**What to produce:**
Take the material below and output exactly the run of lines from the one containing "openin (cube_top n)" down to the one containing "Some u \<Rightarrow>", with both included.

**Supplied information:**
(* For $i=1,2$ let $A_i\xrightarrow{f_i}B_i\xrightarrow{g_i}C_i$ be based cofibration sequences (so $f_i$ is a based cofibration and $g_i$ the quotient map $B_i\to C_i=B_i/A_i$). Suppose $a:A_1\to\mathrm{SP}(A_2)$, $b:B_1\to\mathrm{SP}(B_2)$, $c:C_1\to\mathrm{SP}(C_2)$ are based maps with $b\circ f_1=\mathrm{SP}(f_2)\circ a$ and $c\circ g_1=\mathrm{SP}(g_2)\circ b$. Then the induced maps $a^*,b^*,c^*$ give a map between the long exact sequences in reduced cohomology of the two cofibration sequences; that is, $b^*g_2^*=g_1^*c^*$, $a^*f_2^*=f_1^*b^*$ and $c^*\partial_2^*=\partial_1^*a^*$, where $\partial_i^*:\widetilde{H}^*(A_i)\to\widetilde{H}^{*+1}(C_i)$ are the connecting homomorphisms.
   Context: For a based space $(X,e)$, $\mathrm{SP}(X)$ is the free unital abelian monoid on $X$ with identity $e$, topologised as the quotient of $\bigsqcup_{n\ge1}X^n/\mathfrak{S}_n$ by $(x_1,\dots,x_n,e)\sim(x_1,\dots,x_n)$, with inclusion $\iota_X:X\to\mathrm{SP}(X)$; a based map $h$ induces the homomorphism $\mathrm{SP}(h)$. Identify $\widetilde{H}^n(Y)=[Y,\mathrm{SP}(S^n)]_*$. For $\alpha:Y\to\mathrm{SP}(S^n)$ let $\widetilde\alpha:\mathrm{SP}(Y)\to\mathrm{SP}(S^n)$ be the unique continuous monoid homomorphism with $\widetilde\alpha\circ\iota_Y=\alpha$, and for a based map $f:X\to\mathrm{SP}(Y)$ define $f^*:\widetilde H^*(Y)\to\widetilde H^*(X)$ by $f^*[\alpha]=[\widetilde\alpha\circ f]$. *)

theory Defs
  imports "HOL-Analysis.Analysis" "HOL-Library.Multiset"
begin

abbreviation unitI :: "real topology" where
  "unitI \<equiv> top_of_set {0..1}"

definition based_map :: "'a topology \<Rightarrow> 'a \<Rightarrow> 'b topology \<Rightarrow> 'b \<Rightarrow> ('a \<Rightarrow> 'b) \<Rightarrow> bool" where
  "based_map X x0 Y y0 h \<longleftrightarrow> continuous_map X Y h \<and> h x0 = y0"

text \<open>Points of SP(X) are finite multisets of points of X different from the base
point e (the base point is the identity of the free unital abelian monoid; the empty
multiset is the identity).  SP(X) carries the quotient topology of the disjoint
union of the X^n (n \<ge> 1), i.e. U is open iff all its preimages in X^n are open.\<close>

definition sp_carrier :: "'a topology \<Rightarrow> 'a \<Rightarrow> 'a multiset set" where
  "sp_carrier X e = {M. set_mset M \<subseteq> topspace X - {e}}"

definition sp_word :: "'a \<Rightarrow> nat \<Rightarrow> (nat \<Rightarrow> 'a) \<Rightarrow> 'a multiset" where
  "sp_word e n u = filter_mset (\<lambda>x. x \<noteq> e) (mset (map u [0..<n]))"

definition SP :: "'a topology \<Rightarrow> 'a \<Rightarrow> 'a multiset topology" where
  "SP X e = topology (\<lambda>U. U \<subseteq> sp_carrier X e \<and>
      (\<forall>n\<ge>1. openin (product_topology (\<lambda>_. X) {..<n})
          {u \<in> topspace (product_topology (\<lambda>_. X) {..<n}). sp_word e n u \<in> U}))"

definition sp_iota :: "'a \<Rightarrow> 'a \<Rightarrow> 'a multiset" where
  "sp_iota e x = (if x = e then {#} else {#x#})"

definition SPmap :: "'b \<Rightarrow> ('a \<Rightarrow> 'b) \<Rightarrow> 'a multiset \<Rightarrow> 'b multiset" where
  "SPmap e' h M = filter_mset (\<lambda>y. y \<noteq> e') (image_mset h M)"

text \<open>The monoid homomorphism SP(Y) \<rightarrow> SP(S^n) extending \<alpha> : Y \<rightarrow> SP(S^n)
(the monoid operation on SP(S^n) is multiset union, identity the empty multiset).\<close>
definition sp_ext :: "('a \<Rightarrow> 'b multiset) \<Rightarrow> 'a multiset \<Rightarrow> 'b multiset" where
  "sp_ext \<alpha> M = sum_mset (image_mset \<alpha> M)"

section \<open>Spheres: S^n = I^n / \<partial>I^n, base point None\<close>

definition cube_top :: "nat \<Rightarrow> (nat \<Rightarrow> real) topology" where
  "cube_top n = product_topology (\<lambda>_. unitI) {..<n}"

definition cube_q :: "nat \<Rightarrow> (nat \<Rightarrow> real) \<Rightarrow> (nat \<Rightarrow> real) option" where
  "cube_q n u = (if \<exists>i<n. u i = 0 \<or> u i = 1 then None else Some u)"

definition sphere :: "nat \<Rightarrow> (nat \<Rightarrow> real) option topology" where
  "sphere n = topology (\<lambda>U. U \<subseteq> insert None (cube_q n ` topspace (cube_top n)) \<and>
      openin (cube_top n) {u \<in> topspace (cube_top n). cube_q n u \<in> U})"

text \<open>The canonical map S^n \<times> I \<rightarrow> S^(n+1) inducing S^n \<and> S^1 \<cong> S^(n+1)
(the suspension coordinate becomes the last cube coordinate).\<close>
definition susp_pt :: "nat \<Rightarrow> (nat \<Rightarrow> real) option \<Rightarrow> real \<Rightarrow> (nat \<Rightarrow> real) option" where
  "susp_pt n y s = (case y of None \<Rightarrow> None
     | Some u \<Rightarrow> (if s \<le> 0 \<or> 1 \<le> s then None else Some (u(n := s))))"

abbreviation SPS :: "nat \<Rightarrow> (nat \<Rightarrow> real) option multiset topology" where
  "SPS n \<equiv> SP (sphere n) None"

section \<open>Reduced cohomology  H^n(Y) = [Y, SP(S^n)]_*\<close>

definition cocycle :: "'a topology \<Rightarrow> 'a \<Rightarrow> nat \<Rightarrow> ('a \<Rightarrow> (nat \<Rightarrow> real) option multiset) \<Rightarrow> bool" where
  "cocycle Y y0 n \<alpha> \<longleftrightarrow> based_map Y y0 (SPS n) {#} \<alpha>"

definition hcls :: "'a topology \<Rightarrow> 'a \<Rightarrow> nat \<Rightarrow> ('a \<Rightarrow> (nat \<Rightarrow> real) option multiset)
     \<Rightarrow> ('a \<Rightarrow> (nat \<Rightarrow> real) option multiset) set" where
  "hcls Y y0 n \<alpha> = {\<beta>. cocycle Y y0 n \<beta> \<and> homotopic_with (\<lambda>h. h y0 = {#}) Y (SPS n) \<alpha> \<beta>}"

definition Hred :: "'a topology \<Rightarrow> 'a \<Rightarrow> nat \<Rightarrow> ('a \<Rightarrow> (nat \<Rightarrow> real) option multiset) set set" where
  "Hred Y y0 n = {hcls Y y0 n \<alpha> | \<alpha>. cocycle Y y0 n \<alpha>}"

abbreviation rep :: "('a \<Rightarrow> 'b) set \<Rightarrow> 'a \<Rightarrow> 'b" where
  "rep \<kappa> \<equiv> (SOME \<alpha>. \<alpha> \<in> \<kappa>)"

definition sp_pull :: "'x topology \<Rightarrow> 'x \<Rightarrow> nat \<Rightarrow> ('x \<Rightarrow> 'y multiset)
    \<Rightarrow> ('y \<Rightarrow> (nat \<Rightarrow> real) option multiset) set \<Rightarrow> ('x \<Rightarrow> (nat \<Rightarrow> real) option multiset) set" where
  "sp_pull X x0 n f \<kappa> = hcls X x0 n (sp_ext (rep \<kappa>) \<circ> f)"

definition pull :: "'x topology \<Rightarrow> 'x \<Rightarrow> nat \<Rightarrow> ('x \<Rightarrow> 'y)
    \<Rightarrow> ('y \<Rightarrow> (nat \<Rightarrow> real) option multiset) set \<Rightarrow> ('x \<Rightarrow> (nat \<Rightarrow> real) option multiset) set" where
  "pull X x0 n g \<kappa> = hcls X x0 n (rep \<kappa> \<circ> g)"

text \<open>Test spaces range over all topologies on the
type ('a + 'b) \<times> real, which is large enough to contain the reduced mapping cylinder of f
(the universal test space), so this is equivalent to the HEP for all based spaces.\<close>
definition based_cofibration :: "'a topology \<Rightarrow> 'a \<Rightarrow> 'b topology \<Rightarrow> 'b \<Rightarrow> ('a \<Rightarrow> 'b) \<Rightarrow> bool" where
  "based_cofibration A a0 B b0 f \<longleftrightarrow> a0 \<in> topspace A \<and> based_map A a0 B b0 f \<and>
     (\<forall>(Z :: (('a + 'b) \<times> real) topology) z0 h G.
        z0 \<in> topspace Z \<and> based_map B b0 Z z0 h \<and>
        continuous_map (prod_topology A unitI) Z G \<and>
        (\<forall>x\<in>topspace A. G (x, 0) = h (f x)) \<and> (\<forall>t\<in>{0..1}. G (a0, t) = z0)
        \<longrightarrow> (\<exists>H. continuous_map (prod_topology B unitI) Z H \<and>
               (\<forall>b\<in>topspace B. H (b, 0) = h b) \<and>
               (\<forall>x\<in>topspace A. \<forall>t\<in>{0..1}. H (f x, t) = G (x, t)) \<and>
               (\<forall>t\<in>{0..1}. H (b0, t) = z0)))"

definition based_cofib_seq :: "'a topology \<Rightarrow> 'a \<Rightarrow> 'b topology \<Rightarrow> 'b \<Rightarrow> 'c topology \<Rightarrow> 'c
     \<Rightarrow> ('a \<Rightarrow> 'b) \<Rightarrow> ('b \<Rightarrow> 'c) \<Rightarrow> bool" where
  "based_cofib_seq A a0 B b0 C c0 f g \<longleftrightarrow>
     based_cofibration A a0 B b0 f \<and> quotient_map B C g \<and> g b0 = c0 \<and>
     (\<forall>x\<in>topspace A. g (f x) = c0) \<and>
     (\<forall>b\<in>topspace B. \<forall>b'\<in>topspace B. g b = g b' \<longrightarrow>
         b = b' \<or> (b \<in> f ` topspace A \<and> b' \<in> f ` topspace A))"

text \<open>Suspension of \<alpha> : A \<rightarrow> SP(S^n): the map \<Sigma>A \<rightarrow> SP(S^(n+1)), written on A \<times> I.\<close>
definition susp_cocycle :: "nat \<Rightarrow> ('a \<Rightarrow> (nat \<Rightarrow> real) option multiset) \<Rightarrow> 'a \<times> real
     \<Rightarrow> (nat \<Rightarrow> real) option multiset" where
  "susp_cocycle n \<alpha> xs = SPmap None (\<lambda>y. susp_pt n y (snd xs)) (\<alpha> (fst xs))"

text \<open>With Cf = B \<union>_f CA the reduced mapping cone, q : Cf \<rightarrow> C the collapse (a based
homotopy equivalence since f is a cofibration) and \<delta> : Cf \<rightarrow> \<Sigma>A the collapse of B,
\<partial>*[\<alpha>] is the unique class [\<beta>] with \<beta> \<circ> q \<simeq> \<Sigma>\<alpha> \<circ> \<delta> (based).  A based homotopy
Cf \<times> I \<rightarrow> SP(S^(n+1)) is written out as a pair of compatible homotopies on B \<times> I and
on the cone (A \<times> I) \<times> I (cone point at s = 1).\<close>
definition conn_rel :: "'a topology \<Rightarrow> 'a \<Rightarrow> 'b topology \<Rightarrow> 'b \<Rightarrow> ('a \<Rightarrow> 'b) \<Rightarrow> ('b \<Rightarrow> 'c)
     \<Rightarrow> nat \<Rightarrow> ('a \<Rightarrow> (nat \<Rightarrow> real) option multiset) \<Rightarrow> ('c \<Rightarrow> (nat \<Rightarrow> real) option multiset) \<Rightarrow> bool" where
  "conn_rel A a0 B b0 f g n \<alpha> \<beta> \<longleftrightarrow>
     (\<exists>HB HA.
        continuous_map (prod_topology B unitI) (SPS (Suc n)) HB \<and>
        continuous_map (prod_topology (prod_topology A unitI) unitI) (SPS (Suc n)) HA \<and>
        (\<forall>b\<in>topspace B. HB (b, 0) = \<beta> (g b) \<and> HB (b, 1) = {#}) \<and>
        (\<forall>t\<in>{0..1}. HB (b0, t) = {#}) \<and>
        (\<forall>x\<in>topspace A. \<forall>s\<in>{0..1}.
            HA ((x, s), 0) = {#} \<and> HA ((x, s), 1) = susp_cocycle n \<alpha> (x, s)) \<and>
        (\<forall>x\<in>topspace A. \<forall>t\<in>{0..1}. HA ((x, 0), t) = HB (f x, t) \<and> HA ((x, 1), t) = {#}) \<and>
        (\<forall>s\<in>{0..1}. \<forall>t\<in>{0..1}. HA ((a0, s), t) = {#}))"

**Answer to this exercise:**
      openin (cube_top n) {u \<in> topspace (cube_top n). cube_q n u \<in> U})"

text \<open>The canonical map S^n \<times> I \<rightarrow> S^(n+1) inducing S^n \<and> S^1 \<cong> S^(n+1)
(the suspension coordinate becomes the last cube coordinate).\<close>
definition susp_pt :: "nat \<Rightarrow> (nat \<Rightarrow> real) option \<Rightarrow> real \<Rightarrow> (nat \<Rightarrow> real) option" where
  "susp_pt n y s = (case y of None \<Rightarrow> None
     | Some u \<Rightarrow> (if s \<le> 0 \<or> 1 \<le> s then None else Some (u(n := s))))"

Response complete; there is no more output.